Now we have a function 3 output bytes, where as before it was 5 bytes. But there is a catch if a syscall does return 0? Well in the odd situation where it could happen, you can do many different things inc% eax,% tag EAX, EAX% is not something that will make% eax different from zero. Some people say that the output is not important in shellcode, because your code is executed, if it comes out clean. They have the right too, if you really need to save 3 bytes to fit your shellcode in somewhere, the exit () is not worth keeping. But when your code is not finished, it will try to do what was after your last statement, which will probably generate a GIS (illegal instruction) PEB is a rather strange error and is logged by the system.
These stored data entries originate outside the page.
(* Let $h\in\mathbb{F}[x]$ with $\deg h\ge1$. Then: (i) every $\omega\in\mathrm{Aut}_{\mathbb{F}}(A_h)$ can be written $\omega=\phi_f\circ\tau_{\alpha,\beta}$ for some $(\alpha,\beta)\in\mathbb{P}$ and $f\in\mathbb{F}[x]$; (ii) for $(\alpha,\beta)\in\mathbb{P}$ and $f\in\mathbb{F}[x]$, $\tau_{\alpha,\beta}=\phi_f$ if and only if $\alpha=1$, $\beta=0$ and $f=0$; (iii) if $(\alpha,\beta)\in\mathbb{P}$, $\alpha\ne1$ and $\alpha^\ell=1$ for some $\ell\ge2$, then $\tau_{\alpha,\beta}^\ell=\mathrm{id}_{A_h}$; (iv) the abelian group $\{\phi_f: f\in\mathbb{F}[x]\}$, isomorphic to $(\mathbb{F}[x],+)$ via $f\mapsto\phi_f$, is a normal subgroup of $\mathrm{Aut}_{\mathbb{F}}(A_h)$; (v) $\tau_{\mathbb{P}}=\{\tau_{\alpha,\beta}:(\alpha,\beta)\in\mathbb{P}\}$ is a subgroup of $\mathrm{Aut}_{\mathbb{F}}(A_h)$ and $\mathrm{Aut}_{\mathbb{F}}(A_h)=\{\phi_f:f\in\mathbb{F}[x]\}\rtimes\tau_{\mathbb{P}}$.
   Context: $\mathbb{F}$ is an arbitrary field. For $h\in\mathbb{F}[x]$, $A_h$ is the unital associative $\mathbb{F}$-algebra generated by $x,\hat y$ with defining relation $\hat yx-x\hat y=h$. Let $\mathbb{P}=\{(\alpha,\beta)\in\mathbb{F}^*\times\mathbb{F}: h(\alpha x+\beta)=\alpha^{\deg h}h(x)\}$. For $(\alpha,\beta)\in\mathbb{P}$, $\tau_{\alpha,\beta}$ is the automorphism of $A_h$ with $\tau_{\alpha,\beta}(x)=\alpha x+\beta$, $\tau_{\alpha,\beta}(\hat y)=\alpha^{\deg h-1}\hat y$. For $f\in\mathbb{F}[x]$, $\phi_f$ is the automorphism with $\phi_f(x)=x$, $\phi_f(\hat y)=\hat y+f$. *)

theory Defs
  imports "HOL-Computational_Algebra.Polynomial" "HOL-Algebra.Coset"
begin

text \<open>Concrete model of A_h: the Ore extension F[x][y; delta] with delta = h * d/dx.
An element is a polynomial in y with coefficients in F[x] written on the left:
  sum_i a_i(x) y^i  is represented by the 'a poly poly with coeff i = a_i.
The relation y p = p y + h p' gives
  y^n p = sum_k (n choose k) delta^k(p) y^(n-k).\<close>

definition ah_delta :: "'a::field poly \<Rightarrow> 'a poly \<Rightarrow> 'a poly" where
  "ah_delta h p = h * pderiv p"

definition ah_mult :: "'a::field poly \<Rightarrow> 'a poly poly \<Rightarrow> 'a poly poly \<Rightarrow> 'a poly poly" where
  "ah_mult h a b =
     (\<Sum>i\<le>degree a. \<Sum>j\<le>degree b. \<Sum>k\<le>i.
        monom (coeff a i * smult (of_nat (i choose k)) ((ah_delta h ^^ k) (coeff b j))) (i - k + j))"

definition ah_x :: "'a::field poly poly" where "ah_x = [: [:0, 1:] :]"
definition ah_y :: "'a::field poly poly" where "ah_y = monom 1 1"
definition ah_const :: "'a::field poly \<Rightarrow> 'a poly poly" where "ah_const f = [: f :]"
definition ah_scal :: "'a::field \<Rightarrow> 'a poly poly \<Rightarrow> 'a poly poly" where "ah_scal c a = smult [:c:] a"

definition is_aut :: "'a::field poly \<Rightarrow> ('a poly poly \<Rightarrow> 'a poly poly) \<Rightarrow> bool" where
  "is_aut h w \<longleftrightarrow> bij w \<and> w 1 = 1
     \<and> (\<forall>a b. w (a + b) = w a + w b)
     \<and> (\<forall>c a. w (ah_scal c a) = ah_scal c (w a))
     \<and> (\<forall>a b. w (ah_mult h a b) = ah_mult h (w a) (w b))"

definition Aut_group :: "'a::field poly \<Rightarrow> ('a poly poly \<Rightarrow> 'a poly poly) monoid" where
  "Aut_group h = \<lparr>carrier = {w. is_aut h w}, monoid.mult = (\<lambda>f g. f \<circ> g), one = id\<rparr>"

definition Pset :: "'a::field poly \<Rightarrow> ('a \<times> 'a) set" where
  "Pset h = {(\<alpha>, \<beta>). \<alpha> \<noteq> 0 \<and> pcompose h [:\<beta>, \<alpha>:] = smult (\<alpha> ^ degree h) h}"

definition tau :: "'a::field poly \<Rightarrow> 'a \<Rightarrow> 'a \<Rightarrow> ('a poly poly \<Rightarrow> 'a poly poly)" where
  "tau h \<alpha> \<beta> = (THE w. is_aut h w \<and> w ah_x = ah_const [:\<beta>, \<alpha>:]
                      \<and> w ah_y = ah_scal (\<alpha> ^ (degree h - 1)) ah_y)"

definition phi :: "'a::field poly \<Rightarrow> 'a poly \<Rightarrow> ('a poly poly \<Rightarrow> 'a poly poly)" where
  "phi h f = (THE w. is_aut h w \<and> w ah_x = ah_x \<and> w ah_y = ah_y + ah_const f)"

end

theory Submission
  imports Defs
begin

(*
  Plan.
  1. Left multiplication by y is the operator  ymul h b = y*b + delta(b)  on coefficients;
     the product of Defs is  a * b = sum_i a_i (ymul h)^i b.  From this normal form we derive
     the ring laws (associativity, units, distributivity), that products are congruent to the
     commutative product modulo h, and that the y-degree is additive (A_h is a domain).
  2. An algebra homomorphism is determined by the images of x and y, and it acts on F[x] by
     composition with the image of x.  Conversely (universal property), any E : F[x] -> A_h
     together with Y satisfying  Y E(p) = E(p) Y + E(delta p)  extends to a homomorphism.
     This yields phi_f and tau_{alpha,beta}, their composition laws, and that they are
     automorphisms; hence they coincide with the THE-descriptions of Defs.
  3. Classification: an automorphism w maps h to a nonzero scalar multiple of h (commutators
     lie in hA_h), hence w x has y-degree 0, is affine, and w x = alpha x + beta with
     (alpha, beta) in P.  An automorphism fixing x is some phi_g (degree count plus the
     defining relation).
  4. Parts (i)-(v) follow: w = phi_g o tau, the phi's form an abelian normal subgroup, the tau's
     a complementary subgroup.
*)

lemma delta_add: "ah_delta h (p + q) = ah_delta h p + ah_delta h q"
  by (simp add: ah_delta_def pderiv_add distrib_left)

lemma delta_mult: "ah_delta h (p * q) = p * ah_delta h q + ah_delta h p * q"
  by (simp add: ah_delta_def pderiv_mult algebra_simps)

lemma delta_const [simp]: "ah_delta h [:c:] = 0"
  by (simp add: ah_delta_def pderiv_pCons)

lemma delta_0 [simp]: "ah_delta h 0 = 0"
  by (simp add: ah_delta_def)

lemma delta_1 [simp]: "ah_delta h 1 = 0"
  by (simp add: ah_delta_def)

text \<open>For admissible (\<alpha>, \<beta>) the substitution x \<mapsto> \<alpha>x + \<beta> intertwines \<delta> with
  \<alpha>^(deg h - 1) \<delta>: this is what makes tau a homomorphism.\<close>
lemma delta_pcompose:
  assumes "pcompose h [:\<beta>, \<alpha>:] = smult (\<alpha> ^ degree h) h" "degree h \<ge> 1"
  shows "smult (\<alpha> ^ (degree h - 1)) (ah_delta h (pcompose p [:\<beta>, \<alpha>:]))
       = pcompose (ah_delta h p) [:\<beta>, \<alpha>:]"
proof -
  have a: "\<alpha> ^ (degree h - 1) * \<alpha> = \<alpha> ^ degree h"
    using assms(2) by (cases "degree h") (simp_all add: mult.commute)
  have m: "q * [:\<alpha>:] = smult \<alpha> q" for q :: "'a poly" by simp
  show ?thesis
    by (simp add: ah_delta_def pderiv_pcompose pcompose_mult assms(1) pderiv_pCons mult.assoc
        m a[symmetric])
qed

lemma smult_sum_right: "smult c (sum f A) = (\<Sum>i\<in>A. smult c (f i))"
  by (induction A rule: infinite_finite_induct) (auto simp: smult_add_right)

section \<open>Left multiplication by y and the normal form of the product\<close>

text \<open>y \<cdot> (\<Sum> b_j y^j) = \<Sum> b_j y^(j+1) + \<Sum> \<delta>(b_j) y^j.\<close>
definition ymul :: "'a::field poly \<Rightarrow> 'a poly poly \<Rightarrow> 'a poly poly" where
  "ymul h b = pCons 0 b + map_poly (ah_delta h) b"

lemma coeff_ymul:
  "coeff (ymul h b) n = (case n of 0 \<Rightarrow> 0 | Suc m \<Rightarrow> coeff b m) + ah_delta h (coeff b n)"
  by (simp add: ymul_def coeff_pCons coeff_map_poly split: nat.split)

lemma ymul_add: "ymul h (a + b) = ymul h a + ymul h b"
  by (rule poly_eqI) (simp add: coeff_ymul delta_add split: nat.split)

lemma ymul_0 [simp]: "ymul h 0 = 0"
  by (rule poly_eqI) (simp add: coeff_ymul split: nat.split)

lemma ymul_smult: "ymul h (smult p b) = smult p (ymul h b) + smult (ah_delta h p) b"
  by (rule poly_eqI) (simp add: coeff_ymul delta_mult algebra_simps split: nat.split)

lemma ymul_monom: "ymul h (monom p n) = monom p (Suc n) + monom (ah_delta h p) n"
  by (rule poly_eqI) (simp add: coeff_ymul split: nat.split)

lemma ymul_of_nat: "ymul h (of_nat k * b) = of_nat k * ymul h b"
proof -
  have "of_nat k * c = smult [:of_nat k:] c" for c :: "'a poly poly"
    by (simp add: of_nat_poly)
  thus ?thesis by (simp add: ymul_smult)
qed

lemma ymul_sum: "ymul h (sum f A) = (\<Sum>j\<in>A. ymul h (f j))"
  by (induction A rule: infinite_finite_induct) (auto simp: ymul_add)

lemma ymul_pow_0 [simp]: "(ymul h ^^ i) 0 = 0"
  by (induction i) auto

lemma ymul_pow_add: "(ymul h ^^ i) (a + b) = (ymul h ^^ i) a + (ymul h ^^ i) b"
  by (induction i) (auto simp: ymul_add)

lemma ymul_pow_sum: "(ymul h ^^ i) (sum f A) = (\<Sum>j\<in>A. (ymul h ^^ i) (f j))"
  by (induction A rule: infinite_finite_induct) (auto simp: ymul_pow_add)

lemma pascal_sum:
  fixes t :: "nat \<Rightarrow> 'b::comm_semiring_1"
  shows "(\<Sum>k\<le>Suc i. of_nat (Suc i choose k) * t k)
       = (\<Sum>k\<le>i. of_nat (i choose k) * t k) + (\<Sum>k\<le>i. of_nat (i choose k) * t (Suc k))"
proof -
  have "(\<Sum>k\<le>Suc i. of_nat (Suc i choose k) * t k)
       = t 0 + (\<Sum>k\<le>i. (of_nat (i choose k) + of_nat (i choose Suc k)) * t (Suc k))"
    unfolding sum.atMost_Suc_shift by simp
  also have "\<dots> = (t 0 + (\<Sum>k\<le>i. of_nat (i choose Suc k) * t (Suc k)))
                   + (\<Sum>k\<le>i. of_nat (i choose k) * t (Suc k))"
    by (simp add: sum.distrib algebra_simps)
  also have "t 0 + (\<Sum>k\<le>i. of_nat (i choose Suc k) * t (Suc k))
           = (\<Sum>k\<le>Suc i. of_nat (i choose k) * t k)"
    by (subst sum.atMost_Suc_shift) simp
  also have "\<dots> = (\<Sum>k\<le>i. of_nat (i choose k) * t k)"
    by (simp add: binomial_eq_0)
  finally show ?thesis .
qed

lemma ymul_pow_monom:
  "(ymul h ^^ i) (monom q j)
     = (\<Sum>k\<le>i. of_nat (i choose k) * monom ((ah_delta h ^^ k) q) (i - k + j))"
proof (induction i)
  case 0 then show ?case by simp
next
  case (Suc i)
  let ?t = "\<lambda>k. monom ((ah_delta h ^^ k) q) (Suc i - k + j)"
  have "(ymul h ^^ Suc i) (monom q j)
      = ymul h (\<Sum>k\<le>i. of_nat (i choose k) * monom ((ah_delta h ^^ k) q) (i - k + j))"
    using Suc by simp
  also have "\<dots> = (\<Sum>k\<le>i. of_nat (i choose k) * (monom ((ah_delta h ^^ k) q) (Suc (i - k + j))
                     + monom ((ah_delta h ^^ Suc k) q) (i - k + j)))"
    by (simp add: ymul_sum ymul_of_nat ymul_monom)
  also have "\<dots> = (\<Sum>k\<le>i. of_nat (i choose k) * ?t k) + (\<Sum>k\<le>i. of_nat (i choose k) * ?t (Suc k))"
    by (simp add: sum.distrib distrib_left Suc_diff_le)
  also have "\<dots> = (\<Sum>k\<le>Suc i. of_nat (Suc i choose k) * ?t k)"
    by (rule pascal_sum[symmetric])
  finally show ?case .
qed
Thus, an exit () simply adds an extra layer of stealth to your advantage, even if it fails or you can not erase all the newspapers, at least that part of your presence will be ready.

Unlock the power Leal

The statement is a Leal often overlooked in the shellcode, though very useful. Consider this little piece of shellcode.

xorl% ECX, ECX%

Leal 0x10 (% ecx),% eax

This will load the EAX value 17, and clear all bits of foreigners eax. This occurs because the load instruction Leal a variable of type long in desitination operates. In normal use, load the address of a variable in a register, creating a sort of pointer. However, since 0'd ecx is 0 and 17 = 17, loading the value 17 into eax instead of any real direction. In a normal shellcode would do something, to accomplish the same thing:

xorl% EAX, EAX%

movb $ 0x10,% eax

I can hear you say, but the shellcode is a byte shorter than the Leal, and you are right. But in a real shellcode you may already have a 0 on ECX register (or any other registry) to instruction xorl Leal shellcode is not counted. For example:

xorl% eax,% eax

Xorl% ebx,% ebx

movb $ 0x17,% al

int $ 0x80

xorl Ebx% Ebx%

Leal 0x17 (% ebx),% al

int $ 0x80

These two calls setuid shellcode (0), but you do it in 7 bytes, while the other there in 8th Again, I hear you say, but it is a single byte not much difference, and you Because here it does not make much difference (except in size shellcode pissing contests = p), but when applied to much larger shellcode, which has many function calls and do things like this often, it can save a lot space.